Unnamed: 0,HDI rank,Country,Human Development Index (HDI),Life expectancy at birth,Expected years of schooling,Mean years of schooling,Gross national income (GNI) per capita
0,,,,,,,
1,,,,SDG3,SDG4.3,SDG4.4,SDG8.5
2,,,,,,,
3,,,Human Development Index (HDI),Life expectancy at birth,Expected years of schooling,Mean years of schooling,Gross national income (GNI) per capita
4,HDI rank,Country,Value,(years),(years),(years),(2017 PPP $)
5,,,2021,2021,2021,2021,2021
6,,VERY HIGH HUMAN DEVELOPMENT,,,,,
7,1,Switzerland,0.962,83.9872,16.500299,13.85966,66933.00454
8,2,Norway,0.961,83.2339,18.1852,13.00363,64660.10622
9,3,Iceland,0.959,82.6782,19.163059,13.76717,55782.04981


It is time to offer a better set of column names.

#### Clean column names

The current situation:

In [42]:
better_3=better_2.copy()
better_3.columns.to_list() # always use to_list()

['HDI rank',
 'Country',
 'Human Development Index (HDI) ',
 'Life expectancy at birth',
 'Expected years of schooling',
 'Mean years of schooling',
 'Gross national income (GNI) per capita']

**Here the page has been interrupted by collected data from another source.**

(* Let $C$ be a normal, closed cone with nonempty interior in a real Banach space and let $u\in\operatorname{int} C$. Then the map $f(x)=x+u$ is $\tau$-condensing on $\operatorname{int} C$.
   Context: A closed cone $C$ (closed convex, $\lambda C\subseteq C$ for $\lambda\ge0$, $C\cap(-C)=\{0\}$) induces the order $x\le y$ iff $y-x\in C$. $C$ is normal if there is $\kappa$ with $\|x\|\le\kappa\|y\|$ whenever $0\le x\le y$. Thompson's metric on $\operatorname{int}C$: $d_T(x,y)=\log\inf\{\beta\ge1:\beta^{-1}x\le y\le\beta x\}$. For a $d_T$-bounded set $A\subseteq\operatorname{int}C$, $\tau(A)=\inf\{d>0: A$ has a finite cover by sets of $d_T$-diameter $\le d\}$. A continuous map $f:D\to\operatorname{int}C$ ($D\subseteq \operatorname{int}C$) is $\tau$-condensing if $\tau(f(A))<\tau(A)$ for every $d_T$-bounded $A\subseteq D$ with $\tau(A)>0$. *)

theory Defs
  imports "HOL-Analysis.Analysis"
begin

definition closed_cone :: "'a::real_normed_vector set \<Rightarrow> bool" where
  "closed_cone C \<longleftrightarrow> closed C \<and> convex C \<and>
     (\<forall>t::real. \<forall>x\<in>C. t \<ge> 0 \<longrightarrow> t *\<^sub>R x \<in> C) \<and>
     C \<inter> uminus ` C = {0}"

definition cone_le :: "'a::real_normed_vector set \<Rightarrow> 'a \<Rightarrow> 'a \<Rightarrow> bool" where
  "cone_le C x y \<longleftrightarrow> y - x \<in> C"

definition normal_cone :: "'a::real_normed_vector set \<Rightarrow> bool" where
  "normal_cone C \<longleftrightarrow> (\<exists>\<kappa>::real. \<forall>x y. cone_le C 0 x \<and> cone_le C x y \<longrightarrow> norm x \<le> \<kappa> * norm y)"

definition thompson :: "'a::real_normed_vector set \<Rightarrow> 'a \<Rightarrow> 'a \<Rightarrow> real" where
  "thompson C x y = ln (Inf {\<beta>::real. \<beta> \<ge> 1 \<and> cone_le C ((1/\<beta>) *\<^sub>R x) y \<and> cone_le C y (\<beta> *\<^sub>R x)})"

definition thompson_bounded :: "'a::real_normed_vector set \<Rightarrow> 'a set \<Rightarrow> bool" where
  "thompson_bounded C A \<longleftrightarrow> A \<subseteq> interior C \<and> (\<exists>M. \<forall>x\<in>A. \<forall>y\<in>A. thompson C x y \<le> M)"

definition tau :: "'a::real_normed_vector set \<Rightarrow> 'a set \<Rightarrow> real" where
  "tau C A = Inf {d. d > 0 \<and> (\<exists>F. finite F \<and> A \<subseteq> \<Union>F \<and>
       (\<forall>S\<in>F. S \<subseteq> interior C \<and> (\<forall>x\<in>S. \<forall>y\<in>S. thompson C x y \<le> d)))}"

definition tau_condensing :: "'a::real_normed_vector set \<Rightarrow> 'a set \<Rightarrow> ('a \<Rightarrow> 'a) \<Rightarrow> bool" where
  "tau_condensing C D f \<longleftrightarrow> D \<subseteq> interior C \<and> continuous_on D f \<and> f ` D \<subseteq> interior C \<and>
     (\<forall>A. A \<subseteq> D \<and> thompson_bounded C A \<and> tau C A > 0 \<longrightarrow> tau C (f ` A) < tau C A)"

end

theory Submission
  imports Defs
begin

text \<open>Translation by \<open>u\<close> contracts Thompson's metric: if \<open>x \<le> y \<le> \<beta> x\<close> and
  \<open>c (x + u) \<le> u\<close> for some \<open>0 < c < 1\<close>, then \<open>y + u \<le> ((1 - c) \<beta> + c) (x + u)\<close>, so
  \<open>exp d\<^sub>T(x + u, y + u) \<le> (1 - c) exp d\<^sub>T(x, y) + c\<close>. A Thompson-bounded set \<open>A\<close> lies below
  \<open>K u\<close> for some \<open>K\<close>, so one \<open>c = 1/(K + 1)\<close> works for all of \<open>A\<close>, and every cover of \<open>A\<close>
  by sets of diameter \<open>d\<close> is mapped to a cover of \<open>A + u\<close> by sets of diameter
  \<open>ln ((1 - c) exp d + c) < d\<close>.\<close>

lemma closed_cone_scaleR: "closed_cone C \<Longrightarrow> x \<in> C \<Longrightarrow> (t::real) \<ge> 0 \<Longrightarrow> t *\<^sub>R x \<in> C"
  unfolding closed_cone_def by blast

lemma closed_cone_add:
  assumes "closed_cone C" "x \<in> C" "y \<in> C" shows "x + y \<in> C"
proof -
  have "convex C" using assms(1) unfolding closed_cone_def by blast
  then have "(1/2::real) *\<^sub>R x + (1/2::real) *\<^sub>R y \<in> C"
    using convexD[OF _ assms(2,3), of "1/2" "1/2"] by simp
  from closed_cone_scaleR[OF assms(1) this, of 2] show ?thesis
    by (simp add: scaleR_right_distrib)
qed

lemma cone_le_trans:
  "closed_cone C \<Longrightarrow> cone_le C x y \<Longrightarrow> cone_le C y z \<Longrightarrow> cone_le C x z"
  unfolding cone_le_def using closed_cone_add[of C "z - y" "y - x"] by simp

lemma cone_le_add_right: "cone_le C x y \<Longrightarrow> cone_le C (x + z) (y + z)"
  by (simp add: cone_le_def)
lemma coupling_forces_positive_gap:
  assumes x: "x \<in> closure \<Omega>" and t: "t \<in> {0<..T}" and \<delta>: "\<delta> > 0"
    and uniform: "\<And>k. k \<in> I \<Longrightarrow> \<delta> \<le> gap k x t"
    and coupling: "\<And>u. u \<in> value_box \<Longrightarrow> 0 < (\<Sum>j\<in>-I. \<Sum>k\<in>I. Df j k x t u)"
  shows "\<exists>j\<in>-I. gap_positive j x"
proof -
  have t': "t \<in> {0..T}"
    using t by simp
  obtain p where p: "p \<in> value_box"
    and eq: "(\<Sum>j\<in>-I. f j x t (U x t) - f j x t (\<rho> *\<^sub>R V x t))
      = (\<Sum>j\<in>-I. \<Sum>k\<in>UNIV. Df j k x t p * gap k x t)"
    by (rule f_diff_eq_Df_sum[OF x t'])
  have row: "- Df_bound * gap j x t + \<delta> * (\<Sum>k\<in>I. Df j k x t p)
      \<le> (\<Sum>k\<in>UNIV. Df j k x t p * gap k x t)" if j: "j \<in> -I" for j
  proof -
    have "\<delta> * (\<Sum>k\<in>I. Df j k x t p) = (\<Sum>k\<in>I. Df j k x t p * \<delta>)"
      by (simp add: sum_distrib_left mult.commute)
    also have "\<dots> \<le> (\<Sum>k\<in>I. Df j k x t p * gap k x t)"
      using j uniform
      by (intro sum_mono mult_left_mono F1_coop[OF x t' value_box_nonneg[OF p]]) auto
    finally show ?thesis
      using Df_row_ge[OF x t' p, of j I] j by simp
  qed
  have "0 < \<delta> * (\<Sum>j\<in>-I. \<Sum>k\<in>I. Df j k x t p)"
    using \<delta> coupling[OF p] by simp
  also have "\<dots> = (\<Sum>j\<in>-I. - Df_bound * gap j x t + \<delta> * (\<Sum>k\<in>I. Df j k x t p))
      + (\<Sum>j\<in>-I. Df_bound * gap j x t)"
    by (simp add: sum.distrib sum_distrib_left sum_subtractf)
  also have "\<dots> \<le> (\<Sum>j\<in>-I. f j x t (U x t) - f j x t (\<rho> *\<^sub>R V x t))
      + (\<Sum>j\<in>-I. Df_bound * gap j x t)"
    unfolding eq using row by (intro add_right_mono sum_mono) auto
  also have "\<dots> = (\<Sum>j\<in>-I. f j x t (U x t) - f j x t (\<rho> *\<^sub>R V x t) + Df_bound * gap j x t)"
    by (simp add: sum.distrib)
  finally obtain j where "j \<in> -I" and "0 < f j x t (U x t) - f j x t (\<rho> *\<^sub>R V x t) + Df_bound * gap j x t"
    by (meson not_le sum_nonpos)
  then show ?thesis
    using gap_forcing_ge(2)[OF x t', of j] gap_positive_if_forcing_pos[OF x t] by force
qed

lemma gaps_uniform_pos:
  assumes "\<And>k x. k \<in> I \<Longrightarrow> x \<in> \<Omega> \<Longrightarrow> \<not> positive_set_null_near k x"
  shows "\<exists>\<delta>>0. \<forall>k\<in>I. \<forall>x\<in>closure \<Omega>. \<forall>t\<in>{0..T}. \<delta> \<le> gap k x t"
proof (rule ex_pos_common_finite[where P = "\<lambda>k \<delta>. \<forall>x\<in>closure \<Omega>. \<forall>t\<in>{0..T}. \<delta> \<le> gap k x t"])
  show "finite I"
    by simp
  show "\<exists>\<delta>>0. \<forall>x\<in>closure \<Omega>. \<forall>t\<in>{0..T}. \<delta> \<le> gap k x t" if "k \<in> I" for k
    using assms that by (intro gap_uniform_pos) blast
  show "\<forall>x\<in>closure \<Omega>. \<forall>t\<in>{0..T}. \<delta>' \<le> gap k x t"
    if "\<forall>x\<in>closure \<Omega>. \<forall>t\<in>{0..T}. \<delta> \<le> gap k x t" "0 < \<delta>'" "\<delta>' \<le> \<delta>" for k \<delta> \<delta>'
    using that(1) order_trans[OF that(3)] by blast
qed

lemma coupled_component_not_null:
  assumes "I \<noteq> {}" "I \<noteq> UNIV" and I_not_null: "\<And>k x. k \<in> I \<Longrightarrow> x \<in> \<Omega> \<Longrightarrow> \<not> positive_set_null_near k x"
  shows "\<exists>j\<in>-I. \<exists>x\<in>\<Omega>. \<not> positive_set_null_near j x"
proof -
  obtain \<delta> where \<delta>: "\<delta> > 0" "\<forall>k\<in>I. \<forall>x\<in>closure \<Omega>. \<forall>t\<in>{0..T}. \<delta> \<le> gap k x t"
    using gaps_uniform_pos[OF I_not_null] by blast
  obtain x0 t0 c \<eta> where x0: "x0 \<in> closure \<Omega>" and t0: "t0 \<in> {0..T}" and c: "c > 0" and \<eta>: "\<eta> > 0"
    and near: "\<And>x t u. x \<in> closure \<Omega> \<Longrightarrow> t \<in> {0..T} \<Longrightarrow> u \<in> value_box \<Longrightarrow>
      dist (x, t) (x0, t0) < \<eta> \<Longrightarrow> c \<le> (\<Sum>j\<in>-I. \<Sum>k\<in>I. Df j k x t u)"
    using coupling_lower_bound_near[OF assms(1,2)] by blast
  define t1 where "t1 = (if t0 > 0 then t0 else min T (\<eta> / 2))"
  have t1: "t1 \<in> {0<..T}" "dist t1 t0 \<le> \<eta> / 2"
    using t0 T_pos \<eta> unfolding t1_def by (auto simp: dist_real_def)
  define G where "G = \<Omega> \<inter> ball x0 (\<eta> / 2)"
  obtain x where x: "x \<in> \<Omega>" "dist x x0 < \<eta> / 2"
    using x0 \<eta> closure_approachable half_gt_zero by blast
  have "\<exists>j\<in>-I. gap_positive j y" if y: "y \<in> G" for y
  proof (rule coupling_forces_positive_gap[OF _ t1(1) \<delta>(1)])
    show y_cl: "y \<in> closure \<Omega>"
      using y closure_subset unfolding G_def by blast
    show "\<delta> \<le> gap k y t1" if "k \<in> I" for k
      using \<delta>(2) that y_cl t1(1) by simp
    have "dist (y, t1) (x0, t0) \<le> dist y x0 + dist t1 t0"
      unfolding dist_Pair_Pair by (intro sqrt_sum_squares_le_sum zero_le_dist)
    also have "\<dots> < \<eta>"
      using y t1(2) unfolding G_def by (simp add: dist_commute)
    finally have "dist (y, t1) (x0, t0) < \<eta>" .
    moreover have "t1 \<in> {0..T}"
      using t1(1) by simp
    ultimately show "0 < (\<Sum>j\<in>-I. \<Sum>k\<in>I. Df j k y t1 u)" if "u \<in> value_box" for u
      using near[OF y_cl _ that] c by fastforce
  qed
  moreover have "open G" "G \<subseteq> \<Omega>" "x \<in> G"
    using dom(1) x unfolding G_def by (auto simp: dist_commute)
  ultimately show ?thesis
    using not_null_near_if_positive_cover[of G x "-I"] by blast
qed

lemma all_components_not_null: "\<forall>x\<in>\<Omega>. \<not> positive_set_null_near i x"
proof -
  define I where "I = {i. \<forall>x\<in>\<Omega>. \<not> positive_set_null_near i x}"
  have in_I: "j \<in> I" if "x \<in> \<Omega>" "\<not> positive_set_null_near j x" for j x
    using positive_set_null_dichotomy[of j] that unfolding I_def by blast
  have "I \<noteq> {}"
    using exists_component_not_null in_I by blast
  have "I = UNIV"
  proof (rule ccontr)
    assume "I \<noteq> UNIV"
    then obtain j x where "j \<in> -I" "x \<in> \<Omega>" "\<not> positive_set_null_near j x"
      using coupled_component_not_null[OF \<open>I \<noteq> {}\<close>] unfolding I_def by blast
    then show False
      using in_I by blast
  qed
  then show ?thesis
    unfolding I_def by blast
qed

lemma scale_improvable: "\<exists>\<epsilon>>0. \<forall>x\<in>closure \<Omega>. \<forall>t\<in>{0..T}. \<forall>i. (\<rho> + \<epsilon>) * V x t $ i \<le> U x t $ i"
proof -
  have "\<exists>\<delta>>0. \<forall>i\<in>UNIV. \<forall>x\<in>closure \<Omega>. \<forall>t\<in>{0..T}. \<delta> \<le> gap i x t"
    by (rule gaps_uniform_pos) (use all_components_not_null in blast)
  then obtain \<delta> where \<delta>: "\<delta> > 0" "\<forall>i. \<forall>x\<in>closure \<Omega>. \<forall>t\<in>{0..T}. \<delta> \<le> gap i x t"
    by blast
  have "(\<rho> + \<delta> / bound) * V x t $ i \<le> U x t $ i" if "x \<in> closure \<Omega>" "t \<in> {0..T}" for x t i
  proof -
    have "\<delta> / bound * V x t $ i \<le> \<delta> / bound * bound"
      using component_le_bound[of V x t i] that \<delta>(1) bound_pos by (intro mult_left_mono) auto
    also have "\<dots> \<le> gap i x t"
      using \<delta>(2) that bound_pos by simp
    finally show ?thesis
      unfolding gap_def by (simp add: algebra_simps)
  qed
  then show ?thesis
    using \<delta>(1) bound_pos by (intro exI[of _ "\<delta> / bound"]) auto
qed

end

section \<open>Comparison and uniqueness\<close>

context solution_pair
begin

definition admissible_scales :: "real set" where
  "admissible_scales =
     {\<rho>. 0 \<le> \<rho> \<and> \<rho> \<le> 1 \<and> (\<forall>x\<in>closure \<Omega>. \<forall>t\<in>{0..T}. \<forall>i. \<rho> * V x t $ i \<le> U x t $ i)}"

lemma zero_admissible_scale: "0 \<in> admissible_scales"
  unfolding admissible_scales_def using solution_component_pos[of U] by (simp add: less_imp_le)

lemma bdd_above_admissible_scales: "bdd_above admissible_scales"
  unfolding admissible_scales_def by (auto intro: bdd_aboveI[of _ 1])

lemma Sup_admissible_scales_mem: "Sup admissible_scales \<in> admissible_scales"
proof -
  let ?\<rho> = "Sup admissible_scales"
  have nonempty: "admissible_scales \<noteq> {}"
    using zero_admissible_scale by blast
  have "0 \<le> ?\<rho>"
    by (rule cSup_upper[OF zero_admissible_scale bdd_above_admissible_scales])
  moreover have "?\<rho> \<le> 1"
    by (rule cSup_least[OF nonempty]) (simp add: admissible_scales_def)
  moreover have "?\<rho> * V x t $ i \<le> U x t $ i" if "x \<in> closure \<Omega>" "t \<in> {0..T}" for x t i
  proof -
    have V_pos: "V x t $ i > 0"
      using solution_component_pos[of V] that by simp
    have "?\<rho> \<le> U x t $ i / V x t $ i"
      by (rule cSup_least[OF nonempty])
        (use that V_pos in \<open>simp add: admissible_scales_def pos_le_divide_eq\<close>)
    then show ?thesis
      using V_pos by (simp add: pos_le_divide_eq)
  qed
  ultimately show ?thesis
    unfolding admissible_scales_def by blast
qed

lemma Sup_admissible_scales_eq_1: "Sup admissible_scales = 1"
proof (rule ccontr)
  define \<rho> where "\<rho> = Sup admissible_scales"
  assume "Sup admissible_scales \<noteq> 1"
  have "\<rho> \<in> admissible_scales"
    unfolding \<rho>_def by (rule Sup_admissible_scales_mem)
  then have \<rho>: "0 \<le> \<rho>" "\<rho> \<le> 1"
    "\<And>x t i. x \<in> closure \<Omega> \<Longrightarrow> t \<in> {0..T} \<Longrightarrow> \<rho> * V x t $ i \<le> U x t $ i"
    unfolding admissible_scales_def by auto
  with \<open>Sup admissible_scales \<noteq> 1\<close> have "\<rho> < 1"
    unfolding \<rho>_def by simp
  with \<rho> interpret below: solution_pair_below \<Omega> T d J dstar f Df U V \<rho>
    by unfold_locales auto
  obtain \<epsilon> where \<epsilon>: "\<epsilon> > 0"
    "\<And>x t i. x \<in> closure \<Omega> \<Longrightarrow> t \<in> {0..T} \<Longrightarrow> (\<rho> + \<epsilon>) * V x t $ i \<le> U x t $ i"
    using below.scale_improvable by blast
  have "min 1 (\<rho> + \<epsilon>) * V x t $ i \<le> U x t $ i" if "x \<in> closure \<Omega>" "t \<in> {0..T}" for x t i
  proof -
    have "min 1 (\<rho> + \<epsilon>) * V x t $ i \<le> (\<rho> + \<epsilon>) * V x t $ i"
      using solution_component_pos[of V x t i] that by (intro mult_right_mono) auto
    then show ?thesis
      using \<epsilon>(2)[OF that, of i] by linarith
  qed
  then have "min 1 (\<rho> + \<epsilon>) \<in> admissible_scales"
    unfolding admissible_scales_def using \<rho>(1) \<epsilon>(1) by simp
  then have "min 1 (\<rho> + \<epsilon>) \<le> \<rho>"
    unfolding \<rho>_def by (rule cSup_upper[OF _ bdd_above_admissible_scales])
  with \<open>\<rho> < 1\<close> \<epsilon>(1) show False
    by simp
qed

lemma U_ge_V: "x \<in> closure \<Omega> \<Longrightarrow> t \<in> {0..T} \<Longrightarrow> vge (U x t) (V x t)"
  using Sup_admissible_scales_mem[unfolded Sup_admissible_scales_eq_1]
  unfolding admissible_scales_def vge_def by simp

end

Notice above that the columns:
* Have acronyms in parenthesis.
* Have spaces between words.

Let's get rid of the acronyms in parentheses:

In [44]:
# bye anything between parentheses (then strip and title case)

pattern1=r'\(.+\)'
better_3.columns=better_3.columns.str.replace(pattern1,repl="", regex=True).str.strip().str.title()
better_3.columns

Index(['Hdi Rank', 'Country', 'Human Development Index',
       'Life Expectancy At Birth', 'Expected Years Of Schooling',
       'Mean Years Of Schooling', 'Gross National Income  Per Capita'],
      dtype='object')

**Option 1**: Underscores instead of _blank spaces_.

In [45]:
# spaces replaced
pattern2=r'\s+'
better_3.columns.str.replace(pattern2,repl='_',regex=True)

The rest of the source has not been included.